Director Christopher Nolan has a new movie coming out very soon in the form of Interstellar, starring Matthew McConaughey, Anne Hathaway, and Jessica Chastain. It’s likely one of the most anticipated movies of the year, since the director has established himself as a bonafide 21st century auteur. Of course, much of his reputation has arisen from his work between 2005-2012 in revitalizing Batman on film, telling the story of the Dark Knight from beginning to end. Many fans and observers also credit him with a fundamental refreshment of the entire superhero genre, in addition to popularizing the notion of the reboot while also embracing technologies that accentuate the film watching experience.
As you might imagine, Nolan is a very intelligent guy, and likely has more than a few thoughts swirling in his head in regards to the current superhero film craze, its longevity, and whether or not its something he would ever be willing to return to.
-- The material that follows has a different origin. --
(* Suppose the model has a single-strain ($I_1$)-infection equilibrium $E_1=(\bar S,\bar V_1,\bar I_1,0)$ and a single-strain ($I_2$)-infection equilibrium $E_2=(\tilde S,\tilde V_1,0,\tilde I_2)$, each with positive listed components. Define $\bar{\mathcal{R}}_2=\frac{1}{\alpha_2}\frac{\partial F_2}{\partial I_2}(\bar S,0)+\frac{k\bar V_1}{\alpha_2}$ and $\tilde{\mathcal{R}}_1=\frac{1}{\alpha_1}\frac{\partial F_1}{\partial I_1}(\tilde S,0)$. If $\bar{\mathcal{R}}_2>1$ and $\tilde{\mathcal{R}}_1>1$, then the model admits an endemic equilibrium $E_3=(S^*,V_1^*,I_1^*,I_2^* )$ with all components positive.
   Context: The model is $\dot S=\Lambda-F_1(S,I_1)-F_2(S,I_2)-\lambda S$, $\dot V_1=rS-(\mu+kI_2)V_1$, $\dot I_1=F_1(S,I_1)-\alpha_1I_1$, $\dot I_2=F_2(S,I_2)+kI_2V_1-\alpha_2I_2$ on $\mathbb{R}^4_+$. The constants $\Lambda,\mu,r,k,\gamma_1,\gamma_2>0$ and $v_1,v_2\ge0$; $\lambda=r+\mu$ and $\alpha_i=\gamma_i+v_i+\mu$. For $i=1,2$ the incidence functions satisfy: - (H1) $F_i(S,I_i)=I_if_i(S,I_i)$ with $F_i,f_i\in C^2(\mathbb{R}^2_+,\mathbb{R}_+)$ and $F_i(0,I_i)=F_i(S,0)=0$; - (H2) $\partial f_i/\partial S>0$ and $\partial f_i/\partial I_i\le0$; - (H3) $\lim_{I_i\to0^+}F_i(S,I_i)/I_i$ exists and is positive for $S>0$. *)

theory Defs
  imports "HOL-Analysis.Analysis"
begin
Thankfully, someone recently asked him about all of this.
In an interview with Time Out Chicago, Nolan was asked about his feelings surrounding the major announcements from both Marvel Studios and Warner Bros., and since he obviously has a greater tie to the DC side of things, he was pretty open with his feelings about Warner Bros. production of superhero films, and what it could mean for the genre as a whole going forward. He said,
Yeah, I love working in that field and hopefully I’ve added something to it. I know to some extent we encouraged more of it. You don’t want Hollywood to hit saturation point with those things. But then Zack Snyder is now doing his part by bringing Batman and Superman into one film [for 2016’s Batman vs. Superman: Dawn of Justice], so that limits the number!
But yes, DC Comics have just announced an enormous number of movies. Well, you know, as long as that’s the ride people want, the studios will continue to offer it. I don’t see it as a limited genre. If I did, I never would have worked for almost ten years in that genre. I think like any genre, like the Western, it has limitless opportunities. It’s just about the audience’s appetite. What’s very important is that the studios be open to making other sorts of films at the same time.
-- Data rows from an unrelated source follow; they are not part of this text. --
theorem proposition1p3:
  fixes q \<beta> d :: real
  assumes "CARD('n::finite) \<ge> 3"
    and "0 < q" and "q < real CARD('n) - 2"
    and "0 < \<beta>" and "\<beta> < 2 / (real CARD('n) - q)"
  shows "\<exists>C. \<forall>(\<Omega> :: (real^'n) set) (u :: real^'n \<Rightarrow> real).
           (open \<Omega> \<and> bounded \<Omega> \<and> convex \<Omega> \<and> \<Omega> \<noteq> {} \<and> diameter \<Omega> = d \<and>
            smooth_on \<Omega> u \<and> continuous_on (closure \<Omega>) u \<and> convex_on \<Omega> u \<and>
            (\<exists>x\<in>\<Omega>. u x \<noteq> 0) \<and>
            (\<forall>x\<in>\<Omega>. det (hessian u x) = \<bar>u x\<bar> powr q) \<and>
            (\<forall>x\<in>frontier \<Omega>. u x = 0))
           \<longrightarrow> holder_space \<beta> (closure \<Omega>) u \<and>
               (\<forall>x\<in>\<Omega>. \<bar>u x\<bar> \<le> C * (infdist x (frontier \<Omega>)) powr \<beta>)"
proof -
  have "2 / (real CARD('n) - q) < 1" using assms(3) by simp
  then have \<beta>1: "\<beta> < 1" using assms(5) by linarith
  obtain C where C: "0 \<le> C"
    and decay: "\<And>(\<Omega> :: (real^'n) set) u. ma_solution q d \<Omega> u \<Longrightarrow> decays_at_frontier C \<beta> \<Omega> u"
    by (rule ma_solution_decays_at_frontier[of q \<beta> d]) (use assms \<beta>1 in auto)
  have "holder_space \<beta> (closure \<Omega>) u" if u: "ma_solution q d \<Omega> u" for \<Omega> :: "(real^'n) set" and u
    using holder_space_if_decays_at_frontier[OF ma_solutionD(1,2,7,6,9)[OF u] C assms(4) _ decay[OF u]] \<beta>1
    by simp
  with decay show ?thesis
    unfolding ma_solution_def decays_at_frontier_def by (intro exI[of _ C]) blast
qed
Nolan was also asked if he feels he helped to raise the bar for what audiences consider a good comic book movie.
I would love to think so. It’s not really for me to say, but it was the ambition for the films, definitely. When you work in any genre, you’re looking to transcend it. You don’t make a genre film wanting to make a re-tread or parody or satire. You’re working in a particular constraint but you’re looking to force that box to be a little wider.
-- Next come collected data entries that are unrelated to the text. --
text \<open>Near a point t where f'(t) has full rank, the value f(t) is stable: in a chart,
compose f with an affine right inverse of f'(t) restricted to a small ball; the result
is within 1/2 (in operator norm) of the identity, so by Brouwer's fixed point theorem
every map uniformly close to f on a small compact neighbourhood of t still takes the
value f(t) there. If u = f(t1) = f(t2) with t1 \<noteq> t2 and f'(t1), f'(t2) of full rank,
then for large n the injective map f_n takes the value u both near t1 and near t2.\<close>

lemma linear_right_inverse_on_subspace:
  fixes L :: "'e::euclidean_space \<Rightarrow> 'b::euclidean_space"
  assumes S: "subspace S" and L: "linear L" and full: "DIM('b) \<le> dim (L ` S)"
  obtains R where "linear R" "\<And>y. R y \<in> S" "\<And>y. L (R y) = y"
proof -
  have "dim (L ` S) = DIM('b)" using full dim_subset_UNIV[of "L ` S"] by simp
  then have "span (L ` S) = UNIV" by (simp add: dim_eq_full)
  moreover have "span (L ` S) = L ` S"
    using linear_subspace_image[OF L S] by (rule span_eq_iff[THEN iffD2])
  ultimately have "L ` S = UNIV" by simp
  then have "\<forall>b. \<exists>x\<in>S. L x = b" by (metis UNIV_I imageE)
  then obtain s where s: "\<And>b. s b \<in> S" "\<And>b. L (s b) = b" by metis
  define R where "R y = (\<Sum>b\<in>Basis. (y \<bullet> b) *\<^sub>R s b)" for y
  have "linear R" unfolding R_def
    by (rule linearI) (auto simp: inner_add_left sum.distrib scaleR_add_left scaleR_sum_right)
  moreover have "R y \<in> S" for y
    unfolding R_def using S s(1) by (intro subspace_sum subspace_scale) auto
  moreover have "L (R y) = y" for y
    unfolding R_def using L s(2) by (simp add: linear_sum linear_scale euclidean_representation)
  ultimately show thesis by (rule that)
qed

text \<open>The map y \<mapsto> y - h y is 1/2-Lipschitz, so y \<mapsto> y - (g y - h 0) maps the ball into itself.\<close>

lemma perturbed_near_identity_attains_center_value:
  fixes h g :: "'b::euclidean_space \<Rightarrow> 'b"
  assumes r: "r > 0"
    and h_deriv: "\<And>y. y \<in> cball 0 r \<Longrightarrow> (h has_derivative h' y) (at y within cball 0 r)"
    and h_near_id: "\<And>y. y \<in> cball 0 r \<Longrightarrow> onorm (\<lambda>v. v - h' y v) \<le> 1/2"
    and g_cont: "continuous_on (cball 0 r) g"
    and g_close: "\<And>y. y \<in> cball 0 r \<Longrightarrow> norm (g y - h y) \<le> r/2"
  shows "h 0 \<in> g ` cball 0 r"
proof -
  have lipschitz: "norm ((y - h y) - (0 - h 0)) \<le> 1/2 * norm (y - 0)" if "y \<in> cball 0 r" for y
  proof (rule differentiable_bound[where f = "\<lambda>y. y - h y" and f' = "\<lambda>y v. v - h' y v"])
    show "((\<lambda>y. y - h y) has_derivative (\<lambda>v. v - h' y v)) (at y within cball 0 r)"
      if "y \<in> cball 0 r" for y
      using h_deriv[OF that] by (auto intro!: derivative_eq_intros)
  qed (use that r h_near_id in auto)
  define F where "F y = y - (g y - h 0)" for y
  have "\<exists>y\<in>cball 0 r. F y = y"
  proof (rule brouwer_ball[OF r])
    show "continuous_on (cball 0 r) F" unfolding F_def using g_cont by (intro continuous_intros)
    show "F \<in> cball 0 r \<rightarrow> cball 0 r"
    proof
      fix y :: 'b assume y: "y \<in> cball 0 r"
      have "F y = ((y - h y) - (0 - h 0)) - (g y - h y)" by (simp add: F_def)
      then have "norm (F y) \<le> norm ((y - h y) - (0 - h 0)) + norm (g y - h y)"
        by (metis norm_triangle_ineq4)
      also have "\<dots> \<le> r" using lipschitz[OF y] g_close[OF y] y by simp
      finally show "F y \<in> cball 0 r" by simp
    qed
  qed blast
  then show ?thesis by (auto simp: F_def)
qed

lemma C1_full_rank_near_identity_parametrization:
  fixes G :: "'e::euclidean_space \<Rightarrow> 'b::euclidean_space" and D :: "'e \<Rightarrow> 'e \<Rightarrow>\<^sub>L 'b"
  assumes S: "subspace S" and V: "openin (top_of_set S) V" and p: "p \<in> V"
    and D_cont: "continuous_on V D"
    and G_deriv: "\<And>x. x \<in> V \<Longrightarrow> (G has_derivative D x) (at x within V)"
    and full: "DIM('b) \<le> dim (D p ` S)"
  obtains r a h' where "r > 0" "continuous_on (cball 0 r) a" "a ` cball 0 r \<subseteq> V" "a 0 = p"
    "\<And>y. y \<in> cball 0 r \<Longrightarrow> ((G \<circ> a) has_derivative h' y) (at y within cball 0 r)"
    "\<And>y. y \<in> cball 0 r \<Longrightarrow> onorm (\<lambda>v. v - h' y v) \<le> 1/2"
proof -
  obtain R where R: "linear R" "\<And>y. R y \<in> S" "\<And>y. D p (R y) = y"
    using linear_right_inverse_on_subspace[OF S _ full] blinfun.bounded_linear_right
    by (metis bounded_linear.linear)
  have R_bl: "bounded_linear R" using R(1) by (simp add: linear_conv_bounded_linear)
  define B where "B = onorm R"
  have B: "B \<ge> 0" "\<And>y. norm (R y) \<le> B * norm y"
    unfolding B_def using R_bl by (auto intro: onorm_pos_le onorm)
  obtain e1 where e1: "e1 > 0" "ball p e1 \<inter> S \<subseteq> V"
    using V p unfolding openin_contains_ball by blast
  obtain e2 where e2: "e2 > 0" "\<And>x. x \<in> V \<Longrightarrow> dist x p < e2 \<Longrightarrow> dist (D x) (D p) < 1 / (2 * (B + 1))"
    using D_cont p B(1) unfolding continuous_on_iff by (metis divide_pos_pos zero_less_numeral
      add_nonneg_pos zero_less_one mult_pos_pos)
  define r where "r = min e1 e2 / (2 * (B + 1))"
  define a where "a y = p + R y" for y
  have r: "r > 0" using e1 e2 B by (simp add: r_def)
  have a_near: "dist (a y) p < min e1 e2" if "y \<in> cball 0 r" for y
  proof -
    have "dist (a y) p \<le> B * r" using B that by (auto simp: a_def dist_norm intro: order_trans mult_left_mono)
    also have "\<dots> = min e1 e2 * (B / (2 * (B + 1)))" by (simp add: r_def)
    also have "\<dots> < min e1 e2 * 1"
      using e1(1) e2(1) B(1) by (intro mult_strict_left_mono) simp_all
    finally show ?thesis by simp
  qed
  have "p \<in> S" using V p by (meson in_mono openin_imp_subset)
  then have a_S: "a y \<in> S" for y using S R(2) by (simp add: a_def subspace_add)
  have a_V: "a y \<in> V" if "y \<in> cball 0 r" for y
    using e1(2) a_S[of y] a_near[OF that] by (auto simp: dist_commute)
  have Ga_deriv: "((G \<circ> a) has_derivative D (a y) \<circ> R) (at y within cball 0 r)" if "y \<in> cball 0 r" for y
  proof (rule diff_chain_within)
    show "(a has_derivative R) (at y within cball 0 r)" unfolding a_def
      using R_bl by (auto intro!: derivative_eq_intros bounded_linear_imp_has_derivative)
    show "(G has_derivative D (a y)) (at (a y) within a ` cball 0 r)"
      by (rule has_derivative_subset[OF G_deriv[OF a_V[OF that]]]) (use a_V in blast)
  qed
  have Ga_near_id: "onorm (\<lambda>v. v - (D (a y) \<circ> R) v) \<le> 1/2" if "y \<in> cball 0 r" for y
  proof -
    have "(\<lambda>v. v - (D (a y) \<circ> R) v) = blinfun_apply (D p - D (a y)) \<circ> R"
      using R(3) by (auto simp: blinfun.diff_left)
    then have "onorm (\<lambda>v. v - (D (a y) \<circ> R) v) \<le> norm (D p - D (a y)) * B"
      using onorm_compose[OF blinfun.bounded_linear_right R_bl]
      by (simp add: B_def norm_blinfun.rep_eq)
    also have "\<dots> \<le> 1 / (2 * (B + 1)) * B"
      using e2(2)[OF a_V[OF that]] a_near[OF that] B(1)
      by (intro mult_right_mono) (auto simp: dist_norm norm_minus_commute)
    also have "\<dots> \<le> 1/2" using B(1) by (simp add: field_simps)
    finally show ?thesis .
  qed
  have "continuous_on (cball 0 r) a"
    unfolding a_def using R_bl by (intro continuous_intros linear_continuous_on)
  moreover have "a ` cball 0 r \<subseteq> V" using a_V by blast
  moreover have "a 0 = p" using R(1) by (simp add: a_def linear_0)
  ultimately show thesis by (rule that[OF r _ _ _ Ga_deriv Ga_near_id])
qed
Nolan was also asked about whether or not he sees himself returning to comic book cinema, and gave an open-ended answer while also sounding somewhat definitively skeptical.
I think I had a great experience with the superhero genre and got to explore a lot of things, but it was a good decade of my life and I find it hard to imagine returning to it. But never say never.
Interstellar opens in theaters on November 5th in 70mm theaters, and November 7th for everywhere else. We’ll just have to see what the future holds for the director once his latest film is out for the world to see.